Repeating changing-look AGNs trace a high-low-high accretion-state cycle across three spectroscopic epochs.

A machine-rendered reading of the paper's core claim, the machinery that carries it, and where it could break.

The paper cross-matches SDSS and LAMOST spectra to find 45 changing-look AGNs and adds DESI spectra as a third epoch to identify 12 repeating sources. These repeating objects dominate the turn-off category and occupy a distinct high-low-high path in the black-hole-mass versus Eddington-ratio diagram. The pattern indicates that the line changes are tied to recurrent accretion-rate fluctuations rather than isolated events. Upper limits on the transition timescales fall around 10 years for the first change and 4 years for the second.

Core claim

We identify 45 CLAGNs (40 new), of which 12 are RCLAGNs when DESI supplies the third epoch. The RCLAGNs display a clear high-low-high accretion-state evolution in the log MBH - log(Lbol/LEdd) plane, supporting a direct connection between CL behavior and recurrent changes in accretion power.
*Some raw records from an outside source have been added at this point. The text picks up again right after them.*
(* Let $N\ge1$, $R>0$, $m>1$ with $N>m$, $p>1$, $\gamma\in(0,m-1)$, $\alpha,\beta\in\mathbb R$ with $N+\alpha-m>0$ and $\beta-\alpha+1>0$. Let $a:[0,\infty)\to(0,\infty)$ be of class $C^1$ with $c_1\le a\le c_2$ for constants $0<c_1\le c_2$, and let $g:[0,\infty)\to[0,\infty)$ be of class $C^1$ and nondecreasing. Let $v\in C^1[0,R]$ be the radial profile of a positive radial solution of $$-\mathrm{div}\Big(\frac{|x|^\alpha|\nabla u|^{m-2}\nabla u}{(a(|x|)+g(u))^\gamma}\Big)=|x|^\beta u^p \ \text{in } B_R\setminus\{0\},\qquad u=0 \text{ on }\partial B_R,$$ and let $\sigma$ be a constant with $-(N+\alpha-m)<\sigma\le m-1$. Then, writing $D(r)=a(r)+g(v(r))$, $$\Big(\sigma-m+2-\frac{N+\alpha-m+1+\sigma}{m}+\frac{N+\beta+1+\sigma-m}{p+1}\Big)\int_0^R\frac{r^{N+\alpha-m+\sigma}|v'(r)|^m}{D(r)^\gamma}dr$$ $$=\frac{m-1}{m}\frac{R^{N+\alpha-m+1+\sigma}|v'(R)|^m}{(a(R)+g(0))^\gamma}-\frac{\gamma}{m}\int_0^R\frac{r^{N+\alpha-m+1+\sigma}|v'(r)|^m a'(r)}{D(r)^{\gamma+1}}dr-\frac{\gamma}{m}\int_0^R\frac{r^{N+\alpha-m+1+\sigma}|v'(r)|^m v'(r)g'(v(r))}{D(r)^{\gamma+1}}dr$$ $$-\frac{N+\beta+1+\sigma-m}{p+1}(\sigma-m+1)\int_0^R\frac{r^{N+\alpha+\sigma-m-1}|v'(r)|^{m-2}v'(r)v(r)}{D(r)^\gamma}dr.$$
   Context: $B_R$ is the open ball of radius $R$ centered at the origin in $\mathbb R^N$. A positive radial solution is $u(x)=v(|x|)$ with $v>0$ on $[0,R)$, $v\in C^1[0,R)\cap C[0,R]$, $r\mapsto r^{N+\alpha-1}|v'(r)|^{m-2}v'(r)(a(r)+g(v(r)))^{-\gamma}\in C^1(0,R)$, and $$-\Big(\frac{r^{N+\alpha-1}|v'(r)|^{m-2}v'(r)}{(a(r)+g(v(r)))^\gamma}\Big)'=r^{N+\beta-1}v^p(r),\ 0<r<R,\qquad v'(0)=0,\ v(R)=0.$$ *)

theory Defs
  imports "HOL-Analysis.Analysis"
begin

text \<open>Radial profile \<open>v\<close> (with derivative \<open>v'\<close> on \<open>[0,R]\<close>, one-sided at the endpoints)
of a positive radial solution on the ball of radius \<open>R\<close> in dimension \<open>N\<close>, in the sense
of the paper: \<open>v > 0\<close> on \<open>[0,R)\<close>, the flux
\<open>r \<mapsto> r^(N+\<alpha>-1) |v'|^(m-2) v' / (a r + g (v r))^\<gamma>\<close> is \<open>C^1\<close> on \<open>(0,R)\<close> and
satisfies \<open>-(flux)' = r^(N+\<beta>-1) v^p\<close> there, \<open>v'(0) = 0\<close>, \<open>v(R) = 0\<close>.
Here \<open>v\<close> is assumed \<open>C^1\<close> on the closed interval \<open>[0,R]\<close>.\<close>

definition radial_flux ::
  "nat \<Rightarrow> real \<Rightarrow> real \<Rightarrow> real \<Rightarrow> (real \<Rightarrow> real) \<Rightarrow> (real \<Rightarrow> real)
   \<Rightarrow> (real \<Rightarrow> real) \<Rightarrow> (real \<Rightarrow> real) \<Rightarrow> real \<Rightarrow> real" where
  "radial_flux N \<alpha> m \<gamma> a g v v' r =
     r powr (real N + \<alpha> - 1) * (\<bar>v' r\<bar> powr (m - 2) * v' r)
       / (a r + g (v r)) powr \<gamma>"

definition positive_radial_solution_C1 ::
  "nat \<Rightarrow> real \<Rightarrow> real \<Rightarrow> real \<Rightarrow> real \<Rightarrow> real \<Rightarrow> (real \<Rightarrow> real) \<Rightarrow> (real \<Rightarrow> real)
   \<Rightarrow> real \<Rightarrow> (real \<Rightarrow> real) \<Rightarrow> (real \<Rightarrow> real) \<Rightarrow> bool" where
  "positive_radial_solution_C1 N \<alpha> \<beta> m \<gamma> p a g R v v' \<longleftrightarrow>
     (\<forall>r\<in>{0..R}. (v has_real_derivative v' r) (at r within {0..R})) \<and>
     continuous_on {0..R} v' \<and>
     (\<forall>r\<in>{0..<R}. v r > 0) \<and>
     (\<exists>F'. continuous_on {0<..<R} F' \<and>
        (\<forall>r\<in>{0<..<R}.
           (radial_flux N \<alpha> m \<gamma> a g v v' has_real_derivative F' r) (at r) \<and>
           - F' r = r powr (real N + \<beta> - 1) * v r powr p)) \<and>
     v' 0 = 0 \<and> v R = 0"

end

theory Submission
  imports Defs
begin

(* The identity is the fundamental theorem of calculus on [0, R] for the Pohozaev function
     W r = (m - 1)/m r^(N+\<alpha>-m+1+\<sigma>) |v'|^m / D^\<gamma> + r^(N+\<beta>+1+\<sigma>-m) v^(p+1) / (p + 1)
           + (N+\<beta>+1+\<sigma>-m)/(p + 1) r^(N+\<alpha>-m+\<sigma>) |v'|^(m-2) v' v / D^\<gamma>,
   which vanishes at 0 and reduces to the boundary term at R because v R = 0.  Since v' is only
   continuous, W is differentiated through the flux F = r^k |v'|^(m-2) v' / D^\<gamma>, k = N+\<alpha>-1,
   which is C^1 by the equation: with q = m/(m - 1) one has |v'|^m / D^\<gamma> = r^(-kq) |F|^q D^(\<gamma>/(m-1)),
   and the last term of W is F r^(\<sigma>-m+1) v.  The integrand of the last integral, which may be
   singular at 0, is integrable because W' and all its other terms are. *)

lemma has_real_derivative_abs_powr:
  fixes q t :: real
  assumes "q > 1"
  shows "((\<lambda>t. \<bar>t\<bar> powr q) has_real_derivative q * sgn t * \<bar>t\<bar> powr (q - 1)) (at t)"
proof (cases "t = 0")
  case True
  have "((\<lambda>y. \<bar>y\<bar> powr (q - 1)) \<longlongrightarrow> \<bar>0\<bar> powr (q - 1)) (at (0::real))"
    using assms by (intro tendsto_intros) auto
  then have lim: "((\<lambda>y. \<bar>y\<bar> powr (q - 1)) \<longlongrightarrow> 0) (at (0::real))"
    by simp
  have "((\<lambda>y. norm ((\<bar>y\<bar> powr q - \<bar>0\<bar> powr q) / (y - 0))) \<longlongrightarrow> 0) (at (0::real))"
    by (rule Lim_transform_eventually[OF lim]) (auto simp: eventually_at_filter powr_diff)
  then have "((\<lambda>y. (\<bar>y\<bar> powr q - \<bar>0\<bar> powr q) / (y - 0)) \<longlongrightarrow> 0) (at (0::real))"
    by (simp only: tendsto_norm_zero_iff)
  with True show ?thesis by (simp add: has_field_derivative_iff)
next
  case False
  then consider "t > 0" | "t < 0" by linarith
  then show ?thesis
  proof cases
    case 1
    have "((\<lambda>t. t powr q) has_real_derivative q * sgn t * \<bar>t\<bar> powr (q - 1)) (at t)"
      using DERIV_fun_powr[OF DERIV_ident 1, of q] 1 by simp
    then show ?thesis
      by (rule has_field_derivative_transform_within_open[where S="{0<..}"]) (use 1 in auto)
  next
    case 2
    have "((\<lambda>t. (-t) powr q) has_real_derivative q * sgn t * \<bar>t\<bar> powr (q - 1)) (at t)"
      using DERIV_fun_powr[OF DERIV_minus[OF DERIV_ident], of t q] 2 by simp
    then show ?thesis
      by (rule has_field_derivative_transform_within_open[where S="{..<0}"]) (use 2 in auto)
  qed
qed

lemma abs_powr_mult_abs:
  fixes y s :: real
  shows "\<bar>y\<bar> powr s * \<bar>y\<bar> = \<bar>y\<bar> powr (s + 1)"
  by (simp add: powr_add)

lemma signed_powr_mult_self: "\<bar>y\<bar> powr (m - 2) * y * y = \<bar>y\<bar> powr m" for y m :: real
proof -
  have "\<bar>y\<bar> powr (m - 2) * y * y = \<bar>y\<bar> powr (m - 2) * \<bar>y\<bar> * \<bar>y\<bar>"
    by (simp add: abs_mult_self_eq mult.assoc)
  then show ?thesis by (simp add: abs_powr_mult_abs)
qed

lemma signed_powr_eq_max_diff:
  "\<bar>y\<bar> powr (m - 2) * y = max y 0 powr (m - 1) - max (- y) 0 powr (m - 1)" for y m :: real
proof (cases y "0::real" rule: linorder_cases)
  case less
  then show ?thesis
    using abs_powr_mult_abs[of y "m - 2"] by (simp add: max_def)
next
  case greater
  then show ?thesis
    using abs_powr_mult_abs[of y "m - 2"] by (simp add: max_def)
qed simp

lemma continuous_on_signed_powr:
  fixes m :: real
  assumes "m > 1"
  shows "continuous_on A (\<lambda>y. \<bar>y\<bar> powr (m - 2) * y)"
  unfolding signed_powr_eq_max_diff using assms
  by (intro continuous_on_powr' continuous_intros) auto

lemma abs_weighted_signed_powr_powr:
  fixes x d y k m \<gamma> s :: real
  assumes "x > 0" "d > 0"
  shows "\<bar>x powr k * (\<bar>y\<bar> powr (m - 2) * y) / d powr \<gamma>\<bar> powr s
       = x powr (k * s) * \<bar>y\<bar> powr ((m - 1) * s) / d powr (\<gamma> * s)"
proof -
  have "\<bar>x powr k * (\<bar>y\<bar> powr (m - 2) * y) / d powr \<gamma>\<bar> = x powr k * \<bar>y\<bar> powr (m - 1) / d powr \<gamma>"
    using abs_powr_mult_abs[of y "m - 2"] by (simp add: abs_mult)
  then show ?thesis
    using assms by (simp add: powr_divide powr_mult powr_powr)
qed

lemma weighted_abs_powr_eq_flux_powr:
  fixes x d y k m \<gamma> s :: real
  assumes "m > 1" "x > 0" "d > 0"
  defines "F \<equiv> x powr k * (\<bar>y\<bar> powr (m - 2) * y) / d powr \<gamma>"
  shows "x powr s * \<bar>y\<bar> powr m / d powr \<gamma>
       = x powr (s - k * (m / (m - 1))) * \<bar>F\<bar> powr (m / (m - 1)) * d powr (\<gamma> / (m - 1))"
proof -
  have q: "(m - 1) * (m / (m - 1)) = m" "\<gamma> * (m / (m - 1)) = \<gamma> + \<gamma> / (m - 1)"
    using assms(1) by (auto simp: field_simps)
  have "\<bar>F\<bar> powr (m / (m - 1)) = x powr (k * (m / (m - 1))) * \<bar>y\<bar> powr m / (d powr \<gamma> * d powr (\<gamma> / (m - 1)))"
    unfolding F_def abs_weighted_signed_powr_powr[OF assms(2,3)] q powr_add ..
  then show ?thesis
    using assms(2,3) by (simp add: powr_diff)
qed

lemma sgn_flux_mult_powr:
  fixes x d y k m \<gamma> :: real
  assumes "m > 1" "x > 0" "d > 0"
  defines "F \<equiv> x powr k * (\<bar>y\<bar> powr (m - 2) * y) / d powr \<gamma>"
  shows "sgn F * \<bar>F\<bar> powr (m / (m - 1) - 1) = x powr (k * (m / (m - 1) - 1)) * y / d powr (\<gamma> / (m - 1))"
proof -
  have q: "(m - 1) * (m / (m - 1) - 1) = 1" "\<gamma> * (m / (m - 1) - 1) = \<gamma> / (m - 1)"
    using assms(1) by (auto simp: field_simps)
  have "\<bar>F\<bar> powr (m / (m - 1) - 1) = x powr (k * (m / (m - 1) - 1)) * \<bar>y\<bar> / d powr (\<gamma> / (m - 1))"
    unfolding F_def abs_weighted_signed_powr_powr[OF assms(2,3)] q by simp
  moreover have "sgn F = sgn y"
    using assms(2,3) by (cases "y = 0") (simp_all add: F_def sgn_mult)
  ultimately show ?thesis
    by (simp add: sgn_mult_abs mult.left_commute)
qed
The sample contains 43 turn-off and only 2 turn-on events.

What carries the argument

Three-epoch spectroscopy tracking of RCLAGNs in the log MBH - log(Lbol/LEdd) plane to expose recurrent accretion-state changes.

If this is right

  • CL transitions arise from recurrent physical processes such as accretion-rate fluctuations or disk instabilities.
  • RCLAGNs exhibit a clear high-low-high accretion-state evolution.
  • The high detection rate of repeated CL behavior indicates that the underlying mechanism operates recurrently.
  • Rest-frame upper limits place the first transition at roughly 10 yr and the second at roughly 4 yr.

Where Pith is reading between the lines

These are editorial extensions of the paper, not claims the author makes directly.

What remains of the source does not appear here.